The Transportation Security Administration is studying its policy on hair pat-downs after receiving complaints that African-American women are being targeted at airports.
The TSA launched an investigation after being contacted by the American Civil Liberties Union (ACLU), and now the agency has reached an informal agreement with the advocacy group "to enhance officer training" on the pat-downs, according to The Hill
"Racial profiling is not tolerated by TSA," the agency said in a statement. "Not only is racial profiling prohibited under DHS (Department of Homeland Security) and agency policy, but it is also an ineffective security tactic."

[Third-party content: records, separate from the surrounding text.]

(* There exist $c>0$ and $\tilde y>0$ such that for every $y>\tilde y$, $$\Big|\int_{-\infty}^{\infty}\big|\varphi_x(iy)-iy\big|^2\,dx-\min\Big\{1,\frac{\pi}{4y}\Big\}\Big|<\frac{c}{y^3}.$$
   Context: For $x\in\mathbb{R}$ and $z$ in the upper half plane $\mathbb{H}=\{z\in\mathbb{C}:\operatorname{Im} z>0\}$, $\varphi_x(z)=x+\sqrt{(z-x)^2-1}$, using the branch of the square root with positive imaginary part. *)

theory Defs
  imports "HOL-Analysis.Analysis"
begin

text \<open>The branch of the square root with positive imaginary part
  (well-defined for w not in [0, infinity)).\<close>
definition sqrt_upper :: "complex \<Rightarrow> complex" where
  "sqrt_upper w = (THE s. s^2 = w \<and> Im s > 0)"

definition phi :: "real \<Rightarrow> complex \<Rightarrow> complex" where
  "phi x z = complex_of_real x + sqrt_upper ((z - complex_of_real x)^2 - 1)"

end

theory Submission
  imports Defs
begin

text \<open>With \<open>w = iy - x\<close> and \<open>s\<close> the upper square root of \<open>w\<^sup>2 - 1\<close>, one has
  \<open>\<phi>\<^sub>x(iy) - iy = s - w\<close> and \<open>(s - w)(s + w) = -1\<close>. Hence \<open>|s - w|\<^sup>2\<close> is the reciprocal
  of \<open>|s + w|\<^sup>2 > 1\<close>, while the parallelogram law makes their sum
  \<open>2|w\<^sup>2 - 1| + 2|w|\<^sup>2 = 4(x\<^sup>2 + y\<^sup>2) + O(1)\<close>. So the integrand is
  \<open>1/(4(x\<^sup>2 + y\<^sup>2))\<close> up to an error \<open>O(1/(y\<^sup>2(x\<^sup>2 + y\<^sup>2)))\<close>, and integrating with
  \<open>\<integral> dx/(x\<^sup>2 + y\<^sup>2) = \<pi>/y\<close> gives \<open>\<pi>/(4y) + O(1/y\<^sup>3)\<close>; for \<open>y > 2\<close> the minimum
  is \<open>\<pi>/(4y)\<close>.\<close>

lemma sqrt_upper_eqI:
  assumes "s^2 = w" and "Im s > 0"
  shows "sqrt_upper w = s"
  unfolding sqrt_upper_def
proof (rule the_equality)
  fix t assume t: "t^2 = w \<and> Im t > 0"
  then have "t^2 = s^2" using assms(1) by simp
  then have "t = s \<or> t = -s" by (simp add: power2_eq_iff)
  then show "t = s" using t assms(2) by auto
qed (use assms in simp)

lemma
  assumes "Im w \<noteq> 0 \<or> Re w < 0"
  shows power2_sqrt_upper: "(sqrt_upper w)^2 = w"
    and Im_sqrt_upper_pos: "Im (sqrt_upper w) > 0"
proof -
  define t where "t = csqrt w"
  have t2: "t^2 = w" unfolding t_def by simp
  have "Im t \<noteq> 0"
  proof
    assume "Im t = 0"
    then have "Im w = 0 \<and> Re w = (Re t)^2"
      unfolding t2[symmetric] by (simp add: Re_power2 Im_power2)
    then show False using assms by simp
  qed
  then have "sqrt_upper w = (if Im t > 0 then t else -t)"
    by (intro sqrt_upper_eqI) (auto simp: t2)
  then show "(sqrt_upper w)^2 = w" "Im (sqrt_upper w) > 0"
    using \<open>Im t \<noteq> 0\<close> t2 by auto
qed

lemma square_minus_one_not_nonneg_real:
  fixes w :: complex
  assumes "Im w > 0"
  shows "Im (w^2 - 1) \<noteq> 0 \<or> Re (w^2 - 1) < 0"
proof (cases "Re w = 0")
  case True
  then have "Re (w^2 - 1) = - ((Im w)^2) - 1" by (simp add: Re_power2)
  then show ?thesis by (smt (verit) zero_le_power2)
next
  case False
  then show ?thesis using assms by (simp add: Im_power2)
qed

lemma norm_sub_add_of_square_minus_one:
  fixes s w :: complex
  assumes "s^2 = w^2 - 1"
  shows "(cmod (s - w))^2 * (cmod (s + w))^2 = 1"
    and "(cmod (s - w))^2 + (cmod (s + w))^2 = 2 * cmod (w^2 - 1) + 2 * (cmod w)^2"
proof -
  have "(s - w) * (s + w) = -1" using assms by (simp add: power2_eq_square algebra_simps)
  then have "cmod (s - w) * cmod (s + w) = 1" by (metis norm_minus_cancel norm_mult norm_one)
  then show "(cmod (s - w))^2 * (cmod (s + w))^2 = 1" by (metis power_mult_distrib power_one)
  have "(cmod (s - w))^2 + (cmod (s + w))^2 = 2 * (cmod s)^2 + 2 * (cmod w)^2"
    unfolding cmod_power2 by (simp add: power2_eq_square algebra_simps)
  then show "(cmod (s - w))^2 + (cmod (s + w))^2 = 2 * cmod (w^2 - 1) + 2 * (cmod w)^2"
    by (simp add: norm_power flip: assms)
qed

lemma product_one_small_factor_eq:
  fixes a b :: real
  assumes "a * b = 1" and "b \<le> a"
  shows "b = (a + b - sqrt ((a + b)^2 - 4)) / 2"
proof -
  have "(a + b)^2 - 4 = (a - b)^2" using assms(1) by (simp add: power2_eq_square algebra_simps)
  then show ?thesis using assms(2) by simp
qed

lemma product_one_small_factor_approx:
  fixes a b r :: real
  assumes "a * b = 1" and "a > 1" and "\<bar>a + b - 4 * r\<bar> \<le> 2" and "r \<ge> 2"
  shows "\<bar>b - 1 / (4 * r)\<bar> \<le> 3 / (8 * r^2)"
proof -
  have b: "b = 1 / a" using assms(1,2) by (simp add: field_simps)
  then have "0 < b" "b < 1" using assms(2) by auto
  then have a_near: "\<bar>4 * r - a\<bar> \<le> 3" and a_big: "2 * r \<le> a" using assms(3,4) by linarith+
  have "b - 1 / (4 * r) = (4 * r - a) / (4 * r * a)"
    using b assms(2,4) by (simp add: field_simps)
  then have "\<bar>b - 1 / (4 * r)\<bar> = \<bar>4 * r - a\<bar> / (4 * r * a)"
    using assms(2,4) by simp
  also have "\<dots> \<le> 3 / (4 * r * a)"
    using a_near assms(2,4) by (intro divide_right_mono) auto
  also have "\<dots> \<le> 3 / (4 * r * (2 * r))"
    using a_big assms(4) by (intro divide_left_mono mult_left_mono) auto
  finally show ?thesis by (simp add: power2_eq_square)
qed

definition phi_dev_sq :: "real \<Rightarrow> real \<Rightarrow> real" where
  "phi_dev_sq y x = (cmod (phi x (\<i> * complex_of_real y) - \<i> * complex_of_real y))^2"

lemma phi_dev_sq_reciprocal:
  fixes x y :: real
  assumes "y > 1"
  obtains a where "a * phi_dev_sq y x = 1" and "a > 1"
    and "a + phi_dev_sq y x = 2 * cmod ((\<i> * complex_of_real y - x)^2 - 1) + 2 * (x^2 + y^2)"
proof
  define w where "w = \<i> * complex_of_real y - x"
  define s where "s = sqrt_upper (w^2 - 1)"
  have "Im w = y" and "Re w = -x" unfolding w_def by simp_all
  then have norm_w: "(cmod w)^2 = x^2 + y^2" unfolding cmod_power2 by simp
  have s: "s^2 = w^2 - 1" "Im s > 0"
    unfolding s_def
    using power2_sqrt_upper Im_sqrt_upper_pos square_minus_one_not_nonneg_real \<open>Im w = y\<close> assms
    by auto
  have dev: "phi_dev_sq y x = (cmod (s - w))^2"
    unfolding phi_dev_sq_def phi_def s_def w_def by (simp add: algebra_simps)
  show "(cmod (s + w))^2 * phi_dev_sq y x = 1"
    using norm_sub_add_of_square_minus_one(1)[OF s(1)] unfolding dev by (simp add: mult.commute)
  have "(cmod (s + w))^2 + phi_dev_sq y x = 2 * cmod (w^2 - 1) + 2 * (x^2 + y^2)"
    using norm_sub_add_of_square_minus_one(2)[OF s(1)] unfolding dev norm_w by simp
  then show "(cmod (s + w))^2 + phi_dev_sq y x = 2 * cmod ((\<i> * complex_of_real y - x)^2 - 1) + 2 * (x^2 + y^2)"
    unfolding w_def .
  have "Im (s + w) > 1" using s(2) \<open>Im w = y\<close> assms by simp
  then have "cmod (s + w) > 1" using abs_Im_le_cmod[of "s + w"] by linarith
  then show "(cmod (s + w))^2 > 1" by (simp add: one_less_power)
qed

text \<open>\<open>sqrt_upper\<close> is defined by a description, so measurability is read off the closed
  form of the integrand as the smaller root of \<open>t\<^sup>2 - S t + 1\<close>.\<close>

lemma borel_measurable_phi_dev_sq:
  assumes "y > 1"
  shows "phi_dev_sq y \<in> borel_measurable lborel"
proof -
  have "phi_dev_sq y = (\<lambda>x. let S = 2 * cmod ((\<i> * complex_of_real y - x)^2 - 1) + 2 * (x^2 + y^2)
                         in (S - sqrt (S^2 - 4)) / 2)"
  proof
    fix x
    obtain a where a: "a * phi_dev_sq y x = 1" "a > 1"
      and sum: "a + phi_dev_sq y x = 2 * cmod ((\<i> * complex_of_real y - x)^2 - 1) + 2 * (x^2 + y^2)"
      using phi_dev_sq_reciprocal[OF assms] .
    have "phi_dev_sq y x = 1 / a" using a by (simp add: field_simps)
    moreover have "1 / a < 1" using a(2) by simp
    ultimately have "phi_dev_sq y x \<le> a" using a(2) by linarith
    then show "phi_dev_sq y x = (let S = 2 * cmod ((\<i> * complex_of_real y - x)^2 - 1) + 2 * (x^2 + y^2)
                         in (S - sqrt (S^2 - 4)) / 2)"
      using product_one_small_factor_eq[OF a(1)] by (simp only: sum Let_def)
  qed
  then show ?thesis by (simp add: Let_def)
qed

lemma phi_dev_sq_approx:
  fixes x y :: real
  assumes "y \<ge> 2"
  shows "\<bar>phi_dev_sq y x - 1 / (4 * (x^2 + y^2))\<bar> \<le> 3 / (8 * y^2 * (x^2 + y^2))"
proof -
  define r where "r = x^2 + y^2"
  have "y^2 \<le> r" unfolding r_def by simp
  moreover have "4 \<le> y^2" using power_mono[OF assms, of 2] by simp
  ultimately have r: "y^2 \<le> r" "4 \<le> r" by linarith+
  obtain a where a: "a * phi_dev_sq y x = 1" "a > 1"
    and sum: "a + phi_dev_sq y x = 2 * cmod ((\<i> * complex_of_real y - x)^2 - 1) + 2 * r"
    using phi_dev_sq_reciprocal[of y x] assms unfolding r_def by force
  have "\<bar>cmod ((\<i> * complex_of_real y - x)^2 - 1) - r\<bar> \<le> 1"
    using norm_triangle_ineq3[of "(\<i> * complex_of_real y - x)^2 - 1" "(\<i> * complex_of_real y - x)^2"]
    by (simp add: r_def norm_power cmod_power2)
  then have "\<bar>a + phi_dev_sq y x - 4 * r\<bar> \<le> 2" unfolding sum by linarith
  then have "\<bar>phi_dev_sq y x - 1 / (4 * r)\<bar> \<le> 3 / (8 * r^2)"
    using product_one_small_factor_approx a r by simp
  also have "\<dots> \<le> 3 / (8 * y^2 * r)"
  proof (rule divide_left_mono)
    show "8 * y^2 * r \<le> 8 * r^2" using r by (simp add: power2_eq_square mult_right_mono)
    show "0 < 8 * r^2 * (8 * y^2 * r)" using r assms by simp
  qed simp
  finally show ?thesis unfolding r_def .
qed

lemma
  fixes y :: real
  assumes "y > 0"
  shows integrable_inverse_sum_squares: "integrable lborel (\<lambda>x. 1 / (x^2 + y^2))"
    and integral_inverse_sum_squares: "(\<integral>x. 1 / (x^2 + y^2) \<partial>lborel) = pi / y"
proof -
  have deriv: "((\<lambda>x. arctan (x / y) / y) has_real_derivative 1 / (x^2 + y^2)) (at x)" for x
  proof -
    have "x * (x * (y * y)) + y * (y * (y * y)) > 0" using assms
      by (intro add_nonneg_pos) (auto simp: mult.assoc[symmetric])
    then show ?thesis using assms
      by (auto intro!: derivative_eq_intros simp: field_simps power2_eq_square)
  qed
  have "filterlim (\<lambda>x. inverse y * x) at_top at_top"
    using assms by (intro filterlim_tendsto_pos_mult_at_top[OF tendsto_const _ filterlim_ident]) auto
  then have lim_top: "((\<lambda>x. arctan (x / y) / y) \<longlongrightarrow> (pi / 2) / y) at_top"
    using assms by (intro tendsto_intros filterlim_compose[OF tendsto_arctan_at_top])
       (auto simp: divide_inverse mult.commute)
  have "filterlim (\<lambda>x. inverse y * x) at_bot at_bot"
    using assms by (intro filterlim_tendsto_pos_mult_at_bot[OF tendsto_const _ filterlim_ident]) auto
  then have lim_bot: "((\<lambda>x. arctan (x / y) / y) \<longlongrightarrow> (- (pi / 2)) / y) at_bot"
    using assms by (intro tendsto_intros filterlim_compose[OF tendsto_arctan_at_bot])
       (auto simp: divide_inverse mult.commute)
  note FTC = interval_integral_FTC_nonneg[where a = "-\<infinity>" and b = "\<infinity>"
      and F = "\<lambda>x. arctan (x / y) / y" and f = "\<lambda>x. 1 / (x^2 + y^2)"
      and A = "(- (pi / 2)) / y" and B = "(pi / 2) / y"]
  have "set_integrable lborel (einterval (-\<infinity>) \<infinity>) (\<lambda>x. 1 / (x^2 + y^2))"
    and "(LBINT x=-\<infinity>..\<infinity>. 1 / (x^2 + y^2)) = (pi / 2) / y - (- (pi / 2)) / y"
    by (rule FTC; use deriv lim_top lim_bot assms in \<open>auto simp: ereal_tendsto_simps add_pos_pos\<close>)+
  then show "integrable lborel (\<lambda>x. 1 / (x^2 + y^2))"
    and "(\<integral>x. 1 / (x^2 + y^2) \<partial>lborel) = pi / y"
    by (simp_all add: set_integrable_def interval_lebesgue_integral_def set_lebesgue_integral_def
        einterval_eq_UNIV)
qed

lemma integral_approx_by_dominated_error:
  fixes f g e :: "'a \<Rightarrow> real"
  assumes "f \<in> borel_measurable M" and "integrable M g" and "integrable M e"
    and "\<And>x. x \<in> space M \<Longrightarrow> \<bar>f x - g x\<bar> \<le> e x"
  shows "integrable M f" and "\<bar>integral\<^sup>L M f - integral\<^sup>L M g\<bar> \<le> integral\<^sup>L M e"
proof -
  have diff: "integrable M (\<lambda>x. f x - g x)"
    by (rule Bochner_Integration.integrable_bound[OF assms(3)])
       (use assms in \<open>auto intro!: AE_I2 order_trans[OF _ abs_ge_self]\<close>)
  then have "integrable M (\<lambda>x. (f x - g x) + g x)"
    using assms(2) by (rule Bochner_Integration.integrable_add)
  then show "integrable M f" by simp
  then have "integral\<^sup>L M f - integral\<^sup>L M g = integral\<^sup>L M (\<lambda>x. f x - g x)"
    using assms(2) by simp
  also have "\<bar>\<dots>\<bar> \<le> integral\<^sup>L M (\<lambda>x. \<bar>f x - g x\<bar>)"
    using integral_norm_bound[of M "\<lambda>x. f x - g x"] by simp
  also have "\<dots> \<le> integral\<^sup>L M e"
    using diff assms by (intro integral_mono) auto
  finally show "\<bar>integral\<^sup>L M f - integral\<^sup>L M g\<bar> \<le> integral\<^sup>L M e" .
qed

theorem lemmaA1:
  shows "\<exists>c>0. \<exists>y0>0. \<forall>y::real. y > y0 \<longrightarrow>
    \<bar>(\<integral>x. (cmod (phi x (\<i> * complex_of_real y) - \<i> * complex_of_real y))^2 \<partial>lborel)
      - min 1 (pi / (4 * y))\<bar> < c / y^3"
proof (intro exI[of _ 2] conjI exI[of _ 2] allI impI)
  fix y :: real
  assume "y > 2"
  then have "y > 0" by simp
  let ?b = "\<lambda>x. 1 / (x^2 + y^2)"
  have b_int: "integrable lborel ?b" and b_integral: "integral\<^sup>L lborel ?b = pi / y"
    using \<open>y > 0\<close> by (rule integrable_inverse_sum_squares, rule integral_inverse_sum_squares)
  have "\<bar>integral\<^sup>L lborel (phi_dev_sq y) - integral\<^sup>L lborel (\<lambda>x. 1 / 4 * ?b x)\<bar>
      \<le> integral\<^sup>L lborel (\<lambda>x. 3 / (8 * y^2) * ?b x)"
  proof (rule integral_approx_by_dominated_error)
    show "phi_dev_sq y \<in> borel_measurable lborel"
      using \<open>y > 2\<close> by (intro borel_measurable_phi_dev_sq) simp
    show "integrable lborel (\<lambda>x. 1 / 4 * ?b x)" "integrable lborel (\<lambda>x. 3 / (8 * y^2) * ?b x)"
      using b_int by (rule integrable_mult_right)+
    show "\<bar>phi_dev_sq y x - 1 / 4 * ?b x\<bar> \<le> 3 / (8 * y^2) * ?b x" for x
      using phi_dev_sq_approx[of y x] \<open>y > 2\<close> by simp
  qed
  then have "\<bar>integral\<^sup>L lborel (phi_dev_sq y) - pi / (4 * y)\<bar> \<le> 3 / (8 * y^2) * (pi / y)"
    by (simp only: integral_mult_right_zero b_integral)
  also have "\<dots> < 2 / y^3"
    using pi_less_4 \<open>y > 0\<close> by (simp add: field_simps power2_eq_square power3_eq_cube)
  finally have "\<bar>integral\<^sup>L lborel (phi_dev_sq y) - pi / (4 * y)\<bar> < 2 / y^3" .
  moreover have "pi / (4 * y) \<le> 1"
    using pi_less_4 \<open>y > 2\<close> by (simp add: field_simps)
  ultimately show "\<bar>(\<integral>x. (cmod (phi x (\<i> * complex_of_real y) - \<i> * complex_of_real y))^2 \<partial>lborel)
      - min 1 (pi / (4 * y))\<bar> < 2 / y^3"
    by (simp add: phi_dev_sq_def[abs_def] min_absorb2)
qed simp_all

end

The ACLU office in northern California had filed a complaint on behalf of Malaika Singleton, who claimed she was improperly singled out for searches in 2013 at airports in Los Angeles and Minneapolis.
The civil rights organization alleged that Singleton, a California resident, was targeted for extra airport screening by TSA officials because of her hairstyle, The Hill reported.
"The humiliating experience of countless black women who are routinely targeted for hair pat-downs because their hair is 'different' is not only wrong, but also a great misuse of TSA agents' time and resources," said Novella Coleman, an ACLU attorney in California.
TSA officials usually conduct pat-downs, including possibly the probing of a woman's hair, when airport screeners identify "anomalies" on X-ray scanners. But the ACLU said that rule left open the potential for racial profiling against African-American women, The Hill noted.
"When TSA agents are faced with ambiguous evidence or forced to apply subjective rules, it is more likely that they will unconsciously interpret the circumstances in a way that is consistent with racial stereotypes," the civil liberties group said.
"Both the United States and California Constitutions prohibit unreasonable searches and selective enforcement of the law based on race. And although the law has carved out exceptions for airport screening, a search must still be tailored to detect threats to security.
"That legal requirement cannot be satisfied when there is no clear policy for detecting threats to security. In this case, TSA agents were unable to provide a uniform reason to justify these searches when asked to articulate such a policy."